The other tank is a 90g,

  • I have hermits from years ago, and I added another 65 different snails in that one too. I purchased the identical group for it when I ordered the CUC for the SH tank.
  • lemonpeel angelfish
  • Solon wrasse
  • Lawnmower blenny
  • Orchid dottyback
  • 2 perc clowns
  • 2 serpent stars

 

 

 

I wouldn't notice any snails missing I don't pay that much attention.  There is no algae in that tank at all anymore. I feed them algae sheets. I run the aquaripure filter on that tank...vodka dosing...so no nutrients. Last night I put the rock with GSPs that I had in the SH tank into the 90g to let the critters pick at that algae, they seem happy enough.
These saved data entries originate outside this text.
lemma class_count_le_scaled_sum:
  assumes "prime p" and "b \<in> {1..p-1}" and "\<forall>j\<in>{1..length \<delta>}. \<not> p dvd psum \<delta> j"
  shows "class_count p b 1 (mset \<delta>) \<le> (b * sum_list \<delta>) mod p + defect_sum p b (mset \<delta>)"
  using assms(3)
proof (induction \<delta> rule: rev_induct)
  case Nil then show ?case by simp
next
  case (snoc y \<delta>)
  have "cumulative p (\<delta> @ [y])"
    using snoc.prems unfolding cumulative_def by blast
  then have "\<forall>j\<in>{1..length \<delta>}. \<not> p dvd psum \<delta> j" and "\<not> p dvd sum_list \<delta> + y"
    unfolding cumulative_snoc by blast+
  then have IH: "class_count p b 1 (mset \<delta>) \<le> (b * sum_list \<delta>) mod p + defect_sum p b (mset \<delta>)"
    and "(b * (sum_list \<delta> + y)) mod p \<noteq> 0"
    using snoc.IH prime_mult_mod_ne_0[OF assms(1,2)] by blast+
  then have "(b * sum_list \<delta>) mod p + (if (b * y) mod p = 1 then 1 else 0)
      \<le> (b * (sum_list \<delta> + y)) mod p + defect p b y"
    using scaled_sum_step prime_gt_0_nat[OF assms(1)] by blast
  moreover have "class_count p b 1 (mset (\<delta> @ [y]))
      = class_count p b 1 (mset \<delta>) + (if (b * y) mod p = 1 then 1 else 0)"
    by simp
  moreover have "defect_sum p b (mset (\<delta> @ [y])) = defect p b y + defect_sum p b (mset \<delta>)"
    by simp
  ultimately show ?case
    using IH by (simp only: sum_list_append sum_list.Cons sum_list.Nil add_0_right)
qed

lemma cumulative_imp_admissible:
  assumes "prime p" and "cumulative p \<delta>"
  shows "admissible p (mset \<delta>)"
  unfolding admissible_def
proof (intro conjI ballI)
  obtain \<delta>' x where \<delta>: "\<delta> = \<delta>' @ [x]"
    using assms(2) unfolding cumulative_def by (metis rev_exhaust)
  then show "\<not> p dvd \<Sum>\<^sub># (mset \<delta>)"
    using assms(2) cumulative_snoc by (simp add: sum_mset_sum_list add.commute)
next
  fix b assume b: "b \<in> {1..p-1}"
  have "class_count p b 1 (mset \<delta>) \<le> (b * sum_list \<delta>) mod p + defect_sum p b (mset \<delta>)"
    using class_count_le_scaled_sum[OF assms(1) b] assms(2) unfolding cumulative_def by blast
  moreover have "(b * sum_list \<delta>) mod p \<le> p - 1"
    using prime_gt_0_nat[OF assms(1)] by (simp add: less_Suc_eq_le [symmetric])
  ultimately show "class_count p b 1 (mset \<delta>) \<le> p - 1 + defect_sum p b (mset \<delta>)"
    by linarith
qed

section \<open>Sufficiency\<close>

lemma class_count_le_Suc_defect_sum:
  assumes "prime p" and "admissible p M" and "b \<in> {1..p-1}" and "(b * \<Sum>\<^sub># M) mod p = 1"
  shows "class_count p b 1 M \<le> defect_sum p b M + 1"
proof (rule ccontr)
  define n D where "n = class_count p b 1 M" and "D = defect_sum p b M"
  assume "\<not> class_count p b 1 M \<le> defect_sum p b M + 1"
  then have gt: "D + 1 < n" by (simp add: n_def D_def)
  have "[D + b * \<Sum>\<^sub># M = n] (mod p)"
    using defect_sum_add_cong prime_gt_0_nat[OF assms(1)] by (simp add: n_def D_def)
  then have "[D + 1 = n] (mod p)"
    using assms(4) by (simp add: cong_def mod_add_right_eq [symmetric, of D])
  then have "p dvd n - (D + 1)"
    using gt by (simp add: cong_altdef_nat cong_sym_eq)
  moreover have "n \<le> p - 1 + D"
    using assms(2,3) by (simp add: admissible_def n_def D_def)
  ultimately show False
    using gt by (auto dest: dvd_imp_le)
qed

lemma admissible_remove_from_max_class:
  assumes "prime p" and "x \<in># M" and "b \<in> {1..p-1}"
    and max: "\<forall>c\<in>{1..p-1}. class_count p c 1 M \<le> class_count p b 1 M"
    and "\<not> p dvd \<Sum>\<^sub># (M - {#x#})"
    and "class_count p b 1 (M - {#x#}) \<le> p - 1 + defect_sum p b (M - {#x#})"
  shows "admissible p (M - {#x#})"
  unfolding admissible_def
proof (intro conjI ballI)
  fix c assume c: "c \<in> {1..p-1}"
  define M' where "M' = M - {#x#}"
  have M: "M = add_mset x M'"
    using assms(2) by (simp add: M'_def)
  show "class_count p c 1 (M - {#x#}) \<le> p - 1 + defect_sum p c (M - {#x#})"
  proof (cases "c = b")
    case False
    have "class_count p c 1 M' \<le> class_count p c 1 M"
      by (simp add: M)
    also have "\<dots> \<le> class_count p b 1 M"
      using max c by blast
    also have "\<dots> \<le> class_count p b 1 M' + 1"
      by (simp add: M)
    also have "\<dots> \<le> defect_sum p c M' + 1"
      using class_count_le_defect_sum[OF assms(1,3) c] False by simp
    finally show ?thesis
      using prime_ge_2_nat[OF assms(1)] by (simp add: M'_def)
  qed (use assms(6) in simp)
qed (use assms(5) in simp)

lemma admissible_remove_multiple:
  assumes "prime p" and "admissible p M" and "x \<in># M" and "p dvd x" and "b \<in> {1..p-1}"
    and "\<forall>c\<in>{1..p-1}. class_count p c 1 M \<le> class_count p b 1 M"
  shows "admissible p (M - {#x#})"
proof (rule admissible_remove_from_max_class[OF assms(1,3,5,6)])
  show "\<not> p dvd \<Sum>\<^sub># (M - {#x#})"
    using assms(2,4) sum_mset.remove[OF assms(3)] by (auto simp: admissible_def dvd_add_right_iff)
  have M: "M = add_mset x (M - {#x#})"
    using assms(3) by simp
  have "(b * x) mod p = 0"
    using assms(4) by (simp add: mod_eq_0_iff_dvd)
  then have "class_count p b 1 (M - {#x#}) = class_count p b 1 M"
    and "defect_sum p b (M - {#x#}) = defect_sum p b M"
    by (subst (2) M, simp add: defect_def)+
  then show "class_count p b 1 (M - {#x#}) \<le> p - 1 + defect_sum p b (M - {#x#})"
    using assms(2,5) by (simp add: admissible_def)
qed

lemma not_dvd_sum_mset_remove:
  fixes b p x :: nat
  assumes "x \<in># M" and "(b * x) mod p \<noteq> (b * \<Sum>\<^sub># M) mod p"
  shows "\<not> p dvd \<Sum>\<^sub># (M - {#x#})"
proof
  assume "p dvd \<Sum>\<^sub># (M - {#x#})"
  then obtain k where "\<Sum>\<^sub># (M - {#x#}) = p * k"
    by (elim dvdE)
  then have "b * \<Sum>\<^sub># M = b * x + (b * k) * p"
    using sum_mset.remove[OF assms(1)] by (simp add: ring_distribs ac_simps)
  with assms(2) show False
    by simp
qed

lemma admissible_remove_in_max_class:
  assumes "prime p" and "admissible p M" and "x \<in># M" and "b \<in> {1..p-1}"
    and "\<forall>c\<in>{1..p-1}. class_count p c 1 M \<le> class_count p b 1 M"
    and "(b * x) mod p = 1" and "(b * \<Sum>\<^sub># M) mod p \<noteq> 1"
  shows "admissible p (M - {#x#})"
proof (rule admissible_remove_from_max_class[OF assms(1,3,4,5)])
  show "\<not> p dvd \<Sum>\<^sub># (M - {#x#})"
    using assms(6,7) by (intro not_dvd_sum_mset_remove[OF assms(3), of b]) simp
  define M' where "M' = M - {#x#}"
  have M: "M = add_mset x M'"
    using assms(3) by (simp add: M'_def)
  have "class_count p b 1 M \<le> p - 1 + defect_sum p b M"
    using assms(2,4) by (simp add: admissible_def)
  then show "class_count p b 1 (M - {#x#}) \<le> p - 1 + defect_sum p b (M - {#x#})"
    using assms(6) by (simp add: M M'_def [symmetric] defect_def)
qed

lemma admissible_remove_outside_max_class:
  assumes "prime p" and "admissible p M" and "x \<in># M" and "\<not> p dvd x" and "b \<in> {1..p-1}"
    and "\<forall>c\<in>{1..p-1}. class_count p c 1 M \<le> class_count p b 1 M"
    and "(b * x) mod p \<noteq> 1" and "(b * \<Sum>\<^sub># M) mod p = 1"
  shows "admissible p (M - {#x#})"
proof (rule admissible_remove_from_max_class[OF assms(1,3,5,6)])
  show "\<not> p dvd \<Sum>\<^sub># (M - {#x#})"
    using assms(7,8) by (intro not_dvd_sum_mset_remove[OF assms(3), of b]) simp
  define M' where "M' = M - {#x#}"
  have M: "M = add_mset x M'"
    using assms(3) by (simp add: M'_def)
  have "class_count p b 1 M' = class_count p b 1 M"
    using assms(7) by (simp add: M)
  also have "\<dots> \<le> defect_sum p b M + 1"
    using class_count_le_Suc_defect_sum[OF assms(1,2,5,8)] .
  also have "\<dots> = defect p b x + defect_sum p b M' + 1"
    by (simp add: M)
  also have "\<dots> \<le> p - 1 + defect_sum p b M'"
    using defect_le[of p b x] defect_pos[OF assms(1,5,4,7)] by linarith
  finally show "class_count p b 1 (M - {#x#}) \<le> p - 1 + defect_sum p b (M - {#x#})"
    by (simp add: M'_def)
qed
I went looking and I don't see many snails but they hide in the daylight.

 

 

 

 

 

post #10 of 12

could you think of any way they could have been flipped over because with many snails they die if flipped over as they cannot right themselves

post #11 of 12
Quote:
Originally Posted by rainbow grouper View Post

could you think of any way they could have been flipped over because with many snails they die if flipped over as they cannot right themselves



Not Nassarius snails...they bury in the sand....Astrea snails are the ONLY ones that have issues righting themselves....

 

 

post #12 of 12
Thread Starter 
Yup, one of the reasons that I avoid Astreas. Nassarius probably have the easiest time righting themselves, trochus do a decent job at it too.